# woods for turning



## Wonderwood (Oct 12, 2008)

*Persimmon wood any good for turning?*


----------



## Daren (Oct 14, 2006)

Excellent wood, very hard (it is in the ebony family). It is hard when it is dry, not so bad wet. Turned wet I can only assume much movement as it dries though. I have never turned it green myself, but have milled persimmon lumber and it really likes to move.


----------



## Daren (Oct 14, 2006)

Interesting video with persimmon.


----------



## Wonderwood (Oct 12, 2008)

Thanks for the video...that was neat to see....father has some on his land....might just have to bring some back with me next time i go. I assume its a slow growing tree? Seems like all hard woods are


----------



## Daren (Oct 14, 2006)

Wonderwood said:


> I assume its a slow growing tree?


Slow to moderate, a very large one is rare even though they live longer than most fruit trees (technically they are a berry tree)


----------



## Terry Beeson (May 29, 2008)

It's pretty rare to find a persimmon large enough for lumber.
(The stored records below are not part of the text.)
(* Let $T_0\subset\mathbb{R}^n$ be a bounded open set with finite perimeter $P(T_0)<\infty$, let $\lambda>1$ and $a,b\in\mathbb{N}$, and for $k\in\mathbb{N}$, $1\leq i\leq ab^{k-1}$ let $F_k^i(x):=\mathcal R_k^i(\lambda^{-k}x)+x_k^i$ with $\mathcal R_k^i\in SO(n)$, $x_k^i\in\mathbb{R}^n$. Set $T_k^i:=F_k^i(T_0)$ and assume $|T_k^i\cap T_h^j|=0$ whenever $(k,i)\neq(h,j)$. Let \[ T:=\bigcup_{k=1}^\infty\bigcup_{i=1}^{ab^{k-1}}T_k^i. \] Assume $\frac{\log b}{\log\lambda}\in(n-1,n)$ and that there exists $S_0\subset\mathbb{R}^n\setminus T$ with $|S_0|>0$ and $F_k^i(S_0)\subset\mathbb{R}^n\setminus T$ for all $k,i$. Then \[ P_s(T)<\infty\quad\forall\,s\in\Big(0,n-\frac{\log b}{\log\lambda}\Big),\qquad P_s(T)=\infty\quad\forall\,s\in\Big[n-\frac{\log b}{\log\lambda},1\Big). \] Thus $\mathrm{Dim}_F(\partial^-T)=\frac{\log b}{\log\lambda}$.
   Context: $P(T_0)=|D\chi_{T_0}|(\mathbb{R}^n)$ is the classical perimeter. For $s\in(0,1)$, $P_s(E):=\int_E\int_{\mathbb{R}^n\setminus E}|x-y|^{-n-s}dx\,dy$. $\partial^-E:=\{x: 0<|E\cap B_r(x)|<\omega_nr^n\ \forall r>0\}$, and $\mathrm{Dim}_F(\partial^-E):=n-\sup\{s\in(0,1):P_s(E)<\infty\}$. *)

theory Defs
  imports "HOL-Analysis.Analysis"
begin

definition admissible_field :: "('a::euclidean_space \<Rightarrow> 'a) \<Rightarrow> bool" where
  "admissible_field \<phi> \<longleftrightarrow>
     (\<forall>x. \<phi> differentiable (at x)) \<and>
     (\<forall>i\<in>Basis. continuous_on UNIV (\<lambda>x. frechet_derivative \<phi> (at x) i)) \<and>
     compact (closure {x. \<phi> x \<noteq> 0}) \<and>
     (\<forall>x. norm (\<phi> x) \<le> 1)"
(* Let $n,t\in\mathbb{N}$ with $n > t \geq 2$. Then (a) $d_{\max}(n, n-t)=3$ if and only if $2^{t-1} < n < 2^{t}$; (b) $d_{\max}(n, n-t)=4$ if and only if $s_{\max}(t) \leq n \leq 2^{t-1}$; (c) $d_{\max}(n, n-t)=5$ if and only if $s_{\max}(t-1) < n < s_{\max}(t)$; (d) $d_{\max}(n, n-t)\geq 6$ if and only if $n \leq s_{\max}(t-1)$.
   Context: $\mathbb{F}_2^t$ denotes the $t$-dimensional vector space over $\mathbb{F}_2$. A subset $M\subseteq \mathbb{F}_2^t$ is called Sidon if $m_1+m_2\neq m_3+m_4$ for all pairwise distinct $m_1,m_2,m_3,m_4\in M$. $s_{\max}(t)$ denotes the maximum size of a Sidon set in $\mathbb{F}_2^t$. A binary linear code of length $n$ and dimension $k$ is a $k$-dimensional subspace of $\mathbb{F}_2^n$; its minimum distance is the minimum Hamming weight of its nonzero codewords. $d_{\max}(n,k)$ is the maximum $d$ such that there exists a binary linear code of length $n$, dimension $k$ and minimum distance $d$. *)

theory Defs
  imports Main "HOL-Library.Z2" "HOL-Library.Function_Algebras"
begin

text \<open>Vectors of F_2^n: functions nat => bit (bit = the field F_2) vanishing outside {0..<n}.
  Addition is pointwise (Function_Algebras).\<close>

type_synonym vec = "nat \<Rightarrow> bit"

definition F2vec :: "nat \<Rightarrow> vec set" where
  "F2vec n = {v. \<forall>i\<ge>n. v i = 0}"

definition lincomb :: "vec set \<Rightarrow> (vec \<Rightarrow> bit) \<Rightarrow> vec" where
  "lincomb B c = (\<Sum>b\<in>B. (\<lambda>i. c b * b i))"

definition lin_span :: "vec set \<Rightarrow> vec set" where
  "lin_span B = {lincomb B c | c. True}"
But they do live a long time when left alone. The burl use to be really valuable for golf club heads, but not as valuable anymore. They do make really nice wood pieces, though.

Now I'm hungry for some persimmon pie...


----------



## misfire (Oct 27, 2008)

Persimmon is awesome. Its a very clear wood for the most part, although I got some froma gentleman out in Arkansas last year that has some very fine black grain to it. It is very dense too and holds up well to the tools


----------